Tuesday, March 21, 2017

Passover without Jews

The Four Sons. From An Amsterdam Haggadah, 1695, via University of Chicago.
Just three years ago, former New York Times columnist David Brooks wrote a Passover column in which he managed not to mention the story of the first 18 chapters of Exodus, the biblical narrative of the Hebrews' escape from slavery in Egypt that is central to this key Jewish holiday—instead he made it about the rest of the book, in which God gives Moses the Law, which is celebrated on a completely different holiday later in the year, Shavuot or the Feast of Weeks.

Today he makes up for it with a Passover column (a couple of weeks early, it begins April 10) in which he manages to discusss Exodus without mentioning Passover ("The Unifying American Story"), or Jews at all, let alone Egyptians, like the Trump administration celebrating the International Holocaust Remembrance Day on January 27 without mentioning Jews. It's a very remarkable performance:

One of the things we’ve lost in this country is our story. It is the narrative that unites us around a common multigenerational project, that gives an overarching sense of meaning and purpose to our history.
For most of the past 400 years, Americans did have an overarching story. It was the Exodus story. The Puritans came to this continent and felt they were escaping the bondage of their Egypt and building a new Jerusalem.
Not that God had to afflict England with plagues to persuade the king to let the Puritans go. The king was delighted, and they got a contract on very favorable terms, same as the Virginia colonists, over whom the story really did not overarch; they ended up building a new Egypt, with plenty of bondage, instead. And that's another thing:

Frederick Douglass embraced the Exodus too. African-Americans, he pointed out, have been part of this journey too. “We came when it was a wilderness …. We leveled your forests; our hands removed the stumps from the field …. We have been with you … in adversity, and by the help of God will be with you in prosperity.”
Brooks doesn't seem to realize that African Americans found their Egypt right here in North America, and that they had been identifying with the Hebrews of Exodus for many decades before Frederick Douglass was born.

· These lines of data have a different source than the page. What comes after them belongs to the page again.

lemma feasible_nonempty:
  assumes "2 \<le> n" "2 \<le> p" "\<kappa> \<in> {0,1}" "(\<Sum>x<n. f0 x) = (\<Sum>x<n. f1 x)"
  shows "\<exists>m f u v. feasible \<kappa> n p f0 f1 m f u v"
proof -
  obtain w where w: "\<And>x. x < n \<Longrightarrow> space_diff \<kappa> n w x = real p * (f0 x - f1 x)"
    using space_diff_surjective[OF assms(1,3), of "\<lambda>x. real p * (f0 x - f1 x)"] assms(4)
    by (auto simp: sum_subtractf simp flip: sum_distrib_left)
  define m where "m j = (if j div (n-\<kappa>) = p - 1 then w (j mod (n-\<kappa>)) else 0)" for j
  define f where "f j = f0 (j mod n)" for j
  define \<rho> where "\<rho> = density_at n p f0 f1 f"
  define u where "u i = space_avg \<kappa> n (\<lambda>y. m ((i div n)*(n-\<kappa>)+y)) (i mod n)" for i
  define v where "v i = (\<rho> (i div n) (i mod n) + \<rho> (Suc (i div n)) (i mod n)) / 2" for i
  have "space_diff \<kappa> n (\<lambda>y. m (t*(n-\<kappa>)+y)) x + real p * (\<rho> (Suc t) x - \<rho> t x) = 0"
    if "t < p" "x < n" for t x
  proof -
    have slice: "m (t*(n-\<kappa>)+y) = (if t = p - 1 then w y else 0)" if "y < n - \<kappa>" for y
      using that by (simp add: m_def)
    have \<rho>_eq: "\<rho> s x = (if s = p then f1 x else f0 x)" if "s \<le> p" for s
      using that \<open>x < n\<close> assms(2) by (auto simp: \<rho>_def density_at_def f_def)
    show ?thesis
    proof (cases "t = p - 1")
      case True
      then have "space_diff \<kappa> n (\<lambda>y. m (t*(n-\<kappa>)+y)) x = space_diff \<kappa> n w x"
        using slice by (intro space_diff_cong[OF assms(3) \<open>x < n\<close>]) auto
      then show ?thesis using True w[OF \<open>x < n\<close>] \<rho>_eq[of t] \<rho>_eq[of "Suc t"] \<open>t < p\<close>
        by (auto simp: algebra_simps)
    next
      case False
      then have "space_diff \<kappa> n (\<lambda>y. m (t*(n-\<kappa>)+y)) x = space_diff \<kappa> n (\<lambda>_. 0) x"
        using slice by (intro space_diff_cong[OF assms(3) \<open>x < n\<close>]) auto
      moreover have "Suc t \<noteq> p" using False \<open>t < p\<close> by simp
      ultimately show ?thesis using \<rho>_eq[of t] \<rho>_eq[of "Suc t"] \<open>t < p\<close> by (simp add: space_diff_def)
    qed
  qed
  then have "feasible \<kappa> n p f0 f1 m f u v"
    unfolding feasible_iff_blocks[OF assms(1-3)] \<rho>_def[symmetric] by (simp add: u_def v_def)
  then show ?thesis by blast
qed

lemma feasible_mass_conserved:
  assumes "feasible \<kappa> n p f0 f1 m f u v" "2 \<le> n" "2 \<le> p" "\<kappa> \<in> {0,1}" "t \<le> p"
  shows "(\<Sum>x<n. density_at n p f0 f1 f t x) = (\<Sum>x<n. f0 x)"
  using assms(5)
proof (induction t)
  case 0
  then show ?case by (simp add: density_at_def)
next
  case (Suc t)
  let ?\<rho> = "density_at n p f0 f1 f"
  have "space_diff \<kappa> n (\<lambda>y. m (t*(n-\<kappa>)+y)) x + real p * (?\<rho> (Suc t) x - ?\<rho> t x) = 0" if "x < n" for x
    using feasibleD_blocks(3)[OF assms(1-4) _ that] Suc.prems by simp
  then have "(\<Sum>x<n. space_diff \<kappa> n (\<lambda>y. m (t*(n-\<kappa>)+y)) x + real p * (?\<rho> (Suc t) x - ?\<rho> t x)) = 0"
    by (intro sum.neutral) auto
  then have "(\<Sum>x<n. space_diff \<kappa> n (\<lambda>y. m (t*(n-\<kappa>)+y)) x)
      + real p * ((\<Sum>x<n. ?\<rho> (Suc t) x) - (\<Sum>x<n. ?\<rho> t x)) = 0"
    by (simp add: sum.distrib sum_subtractf flip: sum_distrib_left)
  then show ?case using sum_space_diff[OF assms(2,4)] Suc assms(3) by simp
qed

section \<open>Bounded sublevel sets\<close>

lemma Jc_nonneg: "0 \<le> Jc a b"
  by (simp add: Jc_def)

lemma Jc_le_ereal_iff:
  assumes "0 \<le> C"
  shows "Jc a b \<le> ereal C \<longleftrightarrow> 0 \<le> b \<and> a\<^sup>2 \<le> 2 * b * C"
proof (cases "0 < b")
  case True
  then show ?thesis by (simp add: Jc_def pos_divide_le_eq mult.commute)
next
  case False
  then show ?thesis using assms by (auto simp: Jc_def)
qed

lemma J1_nonneg: "0 \<le> J1 N u v"
  unfolding J1_def by (intro sum_nonneg) (simp add: Jc_nonneg)

lemma Jc_le_J1:
  assumes "i < N"
  shows "Jc (u i) (v i) \<le> J1 N u v"
proof -
  have "J1 N u v = Jc (u i) (v i) + (\<Sum>j\<in>{..<N} - {i}. Jc (u j) (v j))"
    unfolding J1_def using assms by (simp add: sum.remove)
  moreover have "0 \<le> (\<Sum>j\<in>{..<N} - {i}. Jc (u j) (v j))" by (intro sum_nonneg) (simp add: Jc_nonneg)
  ultimately show ?thesis by (simp add: add_increasing2)
qed

lemma J1_le_ereal_D:
  assumes "J1 N u v \<le> ereal C" "0 \<le> C" "i < N"
  shows "0 \<le> v i" and "(u i)\<^sup>2 \<le> 2 * v i * C"
proof -
  have "Jc (u i) (v i) \<le> ereal C" using Jc_le_J1[OF assms(3), of u v] assms(1) by (rule order_trans)
  then show "0 \<le> v i" "(u i)\<^sup>2 \<le> 2 * v i * C" unfolding Jc_le_ereal_iff[OF assms(2)] by simp_all
qed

Then again he really thinks it's not nice to talk about slavery at Passover:

The Exodus narrative has pretty much been dropped from our civic culture. Schools cast off the Puritans as a bunch of religious fundamentalists. [American Covenant by Philip] Gorski shows how a social-science, technocratic mind-set has triumphed, treating politics as just a competition of self-interested utilitarians.
Today’s students get steeped in American tales of genocide, slavery, oppression and segregation. American history is taught less as a progressively realized grand narrative and more as a series of power conflicts between oppressor and oppressed.
Isn't that terrible! If you think that's bad, you should go to a Seder sometime and hear all the Jews talking about genocide, slavery, oppression, and segregation all through dinner as prescribed by the Haggadah! 

Brooks doesn't even know he's Jewish any more. In 2015 his Passover column mentioned God parting the Dead Sea (instead of the Red) and denied once again that Exodus is a story of liberation from slavery, and he celebrated by offering Jane Eisner, editor of America's preeminent Jewish newspaper, The Forward, a toasted bagel, in defiance of the Law presented to Moses by the Lord, which commands
“Celebrate the Festival of Unleavened Bread. For seven days eat bread made without yeast, as I commanded you. Do this at the appointed time in the month of Aviv, for in that month you came out of Egypt." (Exodus 34:18)
He didn't know what day it was even a couple of days after writing a column about it, though I guess we can conclude that it wasn't a column about Passover at all, but his own personal liberation from the bondage of his own ethnicity, to merge into a completely imaginary conflict-free sea of undifferentiated whitebread Americanitas. While he keeps kvetching and exhorting everybody else to perform these "re-binding" rituals of citizenship kicking around in his head. He's the second, wicked son of the Torah Passover parable:
What does the wicked son say? "What does this drudgery mean to you?" To you and not to him. Since he excludes himself from the community, he has denied a basic principle of Judaism. You should blunt his teeth by saying to him: "It is for the sake of this that Hashem did for me when I left Egypt. For me and not for him. If he was there he would not have been redeemed." 

I know the old Massachusetts colonials liked the trope of the "shining city on a hill", but that doesn't license today's Christian ruling class to appropriate the Exodus story to their own use; still less somebody like Brooks to do it for them.